Great Expectations

09 August 2017
I always said that I didn't care what sort of grades my son got at school, I just wanted him to be happy.

This noble sentiment lasted exactly until Mr G got his first school report. 


He got top marks right across the board for his social skills, confirming what were already told at parent teacher interviews - "he's a great favourite with everyone, all the kids, even the visitors the classroom, he loves to have a chat and make friends". We already knew he has a caring streak to his personality (when he was two and a half, at a party, his father poured him a cup of soft drink - a rare treat - and he turned and handed it to his cousin because she didn't have one yet. What toddler does that?).

But his marks for academic performance left me reeling. This was not what I expected at all. We thought he was bright (doesn't every parent think their kid is bright?). His father has a degree, I'm completing one and realistically hoping to do a PhD before I'm fifty. Mr G is taken to museums and galleries and festivals and we travel and read to him and constantly talk about how the world works. 

And here he was with marks for maths and reading and science that made my teeth hurt. It must be my fault. Did I not have enough iodine when I was pregnant? Was it the three glasses of wine I had before the pregnancy was confirmed? No Mozart in the nursery? Did he eat lead paint chips in our ancient house in Newcastle? Was it the trauma of separation? Was I just a terrible mother? What went wrong?

G's dad isn't worried at all, but I took it pretty hard at first. This is not what I expected. I was a bookish and let's face it, unpopular child (with personality traits that would today be diagnosed and offered professional support, but back in the 1980s were considered fair game from bullying from students and teachers alike. If today's kids are coddled and protected from the harsh realities of the world, good, compared to the Darwinian cesspit that was the school playgrounds of yore. Then I was skipped ahead, which made things worse. I digress). 
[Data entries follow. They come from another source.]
(* Let $H$ be the graph consisting of two triangles $uv_1v_2$ and $uw_1w_2$ sharing exactly the vertex $u$. Let $G$ be a graph with $n$ vertices obtained from $H$ by attaching $k\ge1$ pendant edges (new leaves) to vertices of $H$, none of them to $u$, such that the pendant edges are attached to exactly $d$ of the vertices $v_1,v_2,w_1,w_2$, where $1\le d\le 4$. If $d\ge 2$, then $\operatorname{avm}(G)>\operatorname{avm}(R_n(3,3))$.
   Context: $\operatorname{avm}(G)$ is the average of $|M|$ over all maximal matchings $M$ of $G$ (a matching is maximal if not properly contained in another matching). For $n\ge 6$, $R_n(3,3)$ is the graph obtained from $H$ by attaching $n-5$ pendant edges (new leaves) to $v_1$. *)

theory Defs
  imports Complex_Main
begin

text \<open>Simple graphs are given by their edge sets (2-element vertex sets).\<close>

definition matching :: "'a set set \<Rightarrow> 'a set set \<Rightarrow> bool" where
  "matching E M \<longleftrightarrow> M \<subseteq> E \<and> (\<forall>e\<in>M. \<forall>f\<in>M. e \<noteq> f \<longrightarrow> e \<inter> f = {})"

definition maximal_matching :: "'a set set \<Rightarrow> 'a set set \<Rightarrow> bool" where
  "maximal_matching E M \<longleftrightarrow> matching E M \<and> \<not> (\<exists>M'. matching E M' \<and> M \<subset> M')"

definition avm :: "'a set set \<Rightarrow> real" where
  "avm E = (\<Sum>M\<in>{M. maximal_matching E M}. real (card M)) / real (card {M. maximal_matching E M})"

text \<open>Vertices are pairs: (0,0) = u, (1,0) = v1, (2,0) = v2, (3,0) = w1, (4,0) = w2;
  (i,j) with j \<ge> 1 is the j-th pendant leaf attached to (i,0).\<close>

definition H_edges :: "(nat \<times> nat) set set" where
  "H_edges = {{(0,0),(1,0)}, {(0,0),(2,0)}, {(1,0),(2,0)},
              {(0,0),(3,0)}, {(0,0),(4,0)}, {(3,0),(4,0)}}"

definition pendant_graph :: "(nat \<Rightarrow> nat) \<Rightarrow> (nat \<times> nat) set set" where
  "pendant_graph c = H_edges \<union> {{(i,0),(i,j)} | i j. i \<in> {1..4} \<and> 1 \<le> j \<and> j \<le> c i}"

definition R33 :: "nat \<Rightarrow> (nat \<times> nat) set set" where
  "R33 n = pendant_graph (\<lambda>i. if i = 1 then n - 5 else 0)"

end

theory Submission
  imports Defs "HOL-Library.FuncSet"
begin

text \<open>
  Hang leaves on some vertices (hubs) of a base graph. A maximal matching M then restricts to a
  matching m of the base which, together with the hubs, touches every base edge (a leaf can only
  be covered through its hub, so every hub is covered by M); conversely such an m extends to M
  exactly by picking one leaf at each hub that m leaves uncovered. Hence the number of maximal
  matchings and their total size are weighted sums over these finitely many m, with weights
  products of the leaf counts c i. For the bowtie these sums are explicit polynomials in the c i:
  for R_n(3,3), with k = n - 5 leaves at v1, there are 3k + 4 maximal matchings of total size
  7k + 8, so the average stays below 7/3; as soon as two of v1, v2, w1, w2 carry leaves the
  average exceeds 7/3.
\<close>

lemma maximal_matching_iff_covers:
  assumes "{} \<notin> E"
  shows "maximal_matching E M \<longleftrightarrow> matching E M \<and> (\<forall>e\<in>E. e \<inter> \<Union>M \<noteq> {})"
proof
  assume max: "maximal_matching E M"
  then have M: "matching E M" by (simp add: maximal_matching_def)
  have "e \<inter> \<Union>M \<noteq> {}" if e: "e \<in> E" for e
  proof
    assume untouched: "e \<inter> \<Union>M = {}"
    have "e \<noteq> {}" using assms e by blast
    then have "e \<notin> M" using untouched by blast
    moreover have "e \<inter> g = {}" if "g \<in> M" for g
      using untouched that by blast
    then have "matching E (insert e M)"
      using M e unfolding matching_def by (auto simp: Int_commute)
    ultimately show False using max unfolding maximal_matching_def by blast
  qed
  with M show "matching E M \<and> (\<forall>e\<in>E. e \<inter> \<Union>M \<noteq> {})" by blast
next
  assume cov: "matching E M \<and> (\<forall>e\<in>E. e \<inter> \<Union>M \<noteq> {})"
  show "maximal_matching E M"
    unfolding maximal_matching_def
  proof (intro conjI notI)
    show "matching E M" using cov by blast
    assume "\<exists>M'. matching E M' \<and> M \<subset> M'"
    then obtain M' e where M': "matching E M'" "M \<subset> M'" and e: "e \<in> M'" "e \<notin> M" by blast
    then have "e \<in> E" unfolding matching_def by blast
    then obtain g where g: "g \<in> M" "e \<inter> g \<noteq> {}" using cov by blast
    then have "g \<in> M'" "g \<noteq> e" using e M' by auto
    then have "e \<inter> g = {}" using M' e unfolding matching_def by blast
    with g show False by blast
  qed
qed

definition pendant :: "nat \<Rightarrow> nat \<Rightarrow> (nat \<times> nat) set" where
  "pendant i j = {(i,0), (i,j)}"

definition pendant_edges :: "nat set \<Rightarrow> (nat \<Rightarrow> nat) \<Rightarrow> (nat \<times> nat) set set" where
  "pendant_edges I c = {pendant i j | i j. i \<in> I \<and> 1 \<le> j \<and> j \<le> c i}"

lemma pendant_eq_iff:
  assumes "1 \<le> j'"
  shows "pendant i j = pendant i' j' \<longleftrightarrow> i = i' \<and> j = j'"
  using assms unfolding pendant_def doubleton_eq_iff by auto

lemma pendant_disjoint: "pendant i j \<inter> pendant i' j' \<noteq> {} \<Longrightarrow> i = i'"
  by (auto simp: pendant_def)

lemma hub_in_pendant: "(i,0) \<in> pendant i j"
  by (simp add: pendant_def)

lemma mem_pendant_edges:
  "e \<in> pendant_edges I c \<longleftrightarrow> (\<exists>i j. e = pendant i j \<and> i \<in> I \<and> 1 \<le> j \<and> j \<le> c i)"
  by (auto simp: pendant_edges_def)

locale pendant_extension =
  fixes B :: "(nat \<times> nat) set set" and I :: "nat set" and c :: "nat \<Rightarrow> nat"
  assumes finite_B: "finite B" and finite_I: "finite I"
    and nonempty_edges: "{} \<notin> B" and base_vertices: "\<Union>B \<subseteq> UNIV \<times> {0}"
begin

abbreviation G :: "(nat \<times> nat) set set" where
  "G \<equiv> B \<union> pendant_edges I c"

definition hubs :: "(nat \<times> nat) set" where
  "hubs = {(i,0) | i. i \<in> I \<and> 0 < c i}"

definition admissible :: "(nat \<times> nat) set set \<Rightarrow> bool" where
  "admissible m \<longleftrightarrow> matching B m \<and> (\<forall>e\<in>B. e \<inter> (\<Union>m \<union> hubs) \<noteq> {})"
Meanwhile, at ten years old, G's father was sat in his room during the summer holidays, reading. His mother, worried her son wasn't getting enough fresh air or contact with kids, suggested he go talk to the kids playing cricket in the street and ask to join their game. G's father replied "or maybe I could say to them they should come in here and read". 

I expected G would be somewhat the same. He has two parents who lavish him with love and care, so I hoped he'd find it a little easier to get along in the world, but I was expecting a nerd. He's not. He's not interested in trains or dinosaurs or any other fixation, and whilst he's not a tearaway nor sporty (I think his genes have precluded that) his decidedly average school marks have put paid to my daydreams where we were told he was outperforming everyone and invited to special programs for gifted and talented students...as both Mr G's father and I were.

Marks for the first semester of the first year of school aren't exactly life defining. It was more about me, the sort of child I imagined I'd have, and my shock when he turned out to be not like that at all.

It's a bit of a head spin. You dream of this baby before it even exists, have it, nurture it so they become their own person, and then they are their own person going off into the world doing their own things and you're like come back! You're still my baby! But you know they're not.

And he is not the imaginary future child who lived in my head (who was dressed like Little Lord Fauntleroy, was unsettlingly precocious, and spoke in an English accent with received pronunciation for no apparent reason). He is himself, and he's happy. No matter what my expectations, I really can't ask for more than that.